*What to produce*:
Print the lines that run from the line with "using J.AE_False by" to the line with "by (intro Bochner_Integration.integrable_diff", keeping both end lines, exactly as they appear in the entries below, and nothing else.

↓

(* Fubini for the split {..<n} = {1..<n} \<union> {0}: almost every section in the coordinate 0 is
   integrable, and such a section differs from f (x 0) / n by a constant. *)
lemma integrable_of_integrable_sample_mean_PiM:
  fixes f :: "'z \<Rightarrow> real"
  assumes M: "prob_space M" and n: "n > 0"
    and F: "integrable (PiM {..<n} (\<lambda>_. M)) (\<lambda>D. (1 / real n) * (\<Sum>i<n. f (D i)))"
  shows "integrable M f"
proof -
  interpret product_prob_space "\<lambda>_::nat. M" UNIV
    by (rule product_prob_spaceI) (simp add: M)
  define J where "J = {1..<n}"
  define I where "I = {0::nat}"
  interpret J: prob_space "PiM J (\<lambda>_. M)" by (rule prob_space_PiM) (simp add: M)
  interpret I: prob_space "PiM I (\<lambda>_. M)" by (rule prob_space_PiM) (simp add: M)
  interpret JI: pair_sigma_finite "PiM J (\<lambda>_. M)" "PiM I (\<lambda>_. M)" ..
  have JI: "J \<union> I = {..<n}" "J \<inter> I = {}" using n by (auto simp: I_def J_def)
  let ?F = "\<lambda>D. (1 / real n) * (\<Sum>i<n. f (D i))"
  have "integrable (distr (PiM J (\<lambda>_. M) \<Otimes>\<^sub>M PiM I (\<lambda>_. M)) (PiM {..<n} (\<lambda>_. M)) (merge J I)) ?F"
    using F distr_merge[OF JI(2)] JI(1) by (simp add: I_def J_def)
  then have "integrable (PiM J (\<lambda>_. M) \<Otimes>\<^sub>M PiM I (\<lambda>_. M)) (\<lambda>y. ?F (merge J I y))"
    using F JI(1) by (subst (asm) integrable_distr_eq) (auto intro: measurable_merge[of J I, simplified JI(1)])
  then have "AE y in PiM J (\<lambda>_. M). integrable (PiM I (\<lambda>_. M)) (\<lambda>x. ?F (merge J I (y, x)))"
    by (rule JI.AE_integrable_fst')
  then obtain y where y: "integrable (PiM I (\<lambda>_. M)) (\<lambda>x. ?F (merge J I (y, x)))"
    using J.AE_False by (metis (mono_tags, lifting) eventually_mono)
  define c where "c = (\<Sum>i\<in>J. f (y i))"
  have section_eq: "?F (merge J I (y, x)) = (f (x 0) + c) / real n" for x
  proof -
    have "(\<Sum>i<n. f (merge J I (y, x) i)) = (\<Sum>i\<in>J. f (merge J I (y, x) i)) + (\<Sum>i\<in>I. f (merge J I (y, x) i))"
      by (simp add: JI(1)[symmetric] sum.union_disjoint[OF _ _ JI(2)] I_def J_def)
    then show ?thesis by (simp add: merge_def I_def J_def c_def)
  qed
  from y have "integrable (PiM I (\<lambda>_. M)) (\<lambda>x. (f (x 0) + c) / real n)"
    unfolding section_eq .
  then have "integrable (PiM I (\<lambda>_. M)) (\<lambda>x. (f (x 0) + c) / real n * real n - c)"
    by (intro Bochner_Integration.integrable_diff integrable_mult_left I.integrable_const)
  then have f0: "integrable (PiM I (\<lambda>_. M)) (\<lambda>x. f (x 0))"
    using n by simp
  have coord: "(\<lambda>x. x 0) \<in> measurable (PiM I (\<lambda>_. M)) M"
    by (rule measurable_component_singleton) (simp add: I_def)
  have "(\<lambda>z. \<lambda>i\<in>I. z) \<in> measurable M (PiM I (\<lambda>_. M))"
    by (rule measurable_restrict) simp
  from measurable_compose[OF this borel_measurable_integrable[OF f0]]
  have "f \<in> borel_measurable M" by (simp add: I_def)
  moreover have "distr (PiM I (\<lambda>_. M)) M (\<lambda>x. x 0) = M"
    by (rule distr_PiM_component) (simp_all add: M I_def)
  ultimately show ?thesis
    using f0 integrable_distr_eq[OF coord] by metis
qed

↑

*Answer to this problem*:
    using J.AE_False by (metis (mono_tags, lifting) eventually_mono)
  define c where "c = (\<Sum>i\<in>J. f (y i))"
  have section_eq: "?F (merge J I (y, x)) = (f (x 0) + c) / real n" for x
  proof -
    have "(\<Sum>i<n. f (merge J I (y, x) i)) = (\<Sum>i\<in>J. f (merge J I (y, x) i)) + (\<Sum>i\<in>I. f (merge J I (y, x) i))"
      by (simp add: JI(1)[symmetric] sum.union_disjoint[OF _ _ JI(2)] I_def J_def)
    then show ?thesis by (simp add: merge_def I_def J_def c_def)
  qed
  from y have "integrable (PiM I (\<lambda>_. M)) (\<lambda>x. (f (x 0) + c) / real n)"
    unfolding section_eq .
  then have "integrable (PiM I (\<lambda>_. M)) (\<lambda>x. (f (x 0) + c) / real n * real n - c)"
    by (intro Bochner_Integration.integrable_diff integrable_mult_left I.integrable_const)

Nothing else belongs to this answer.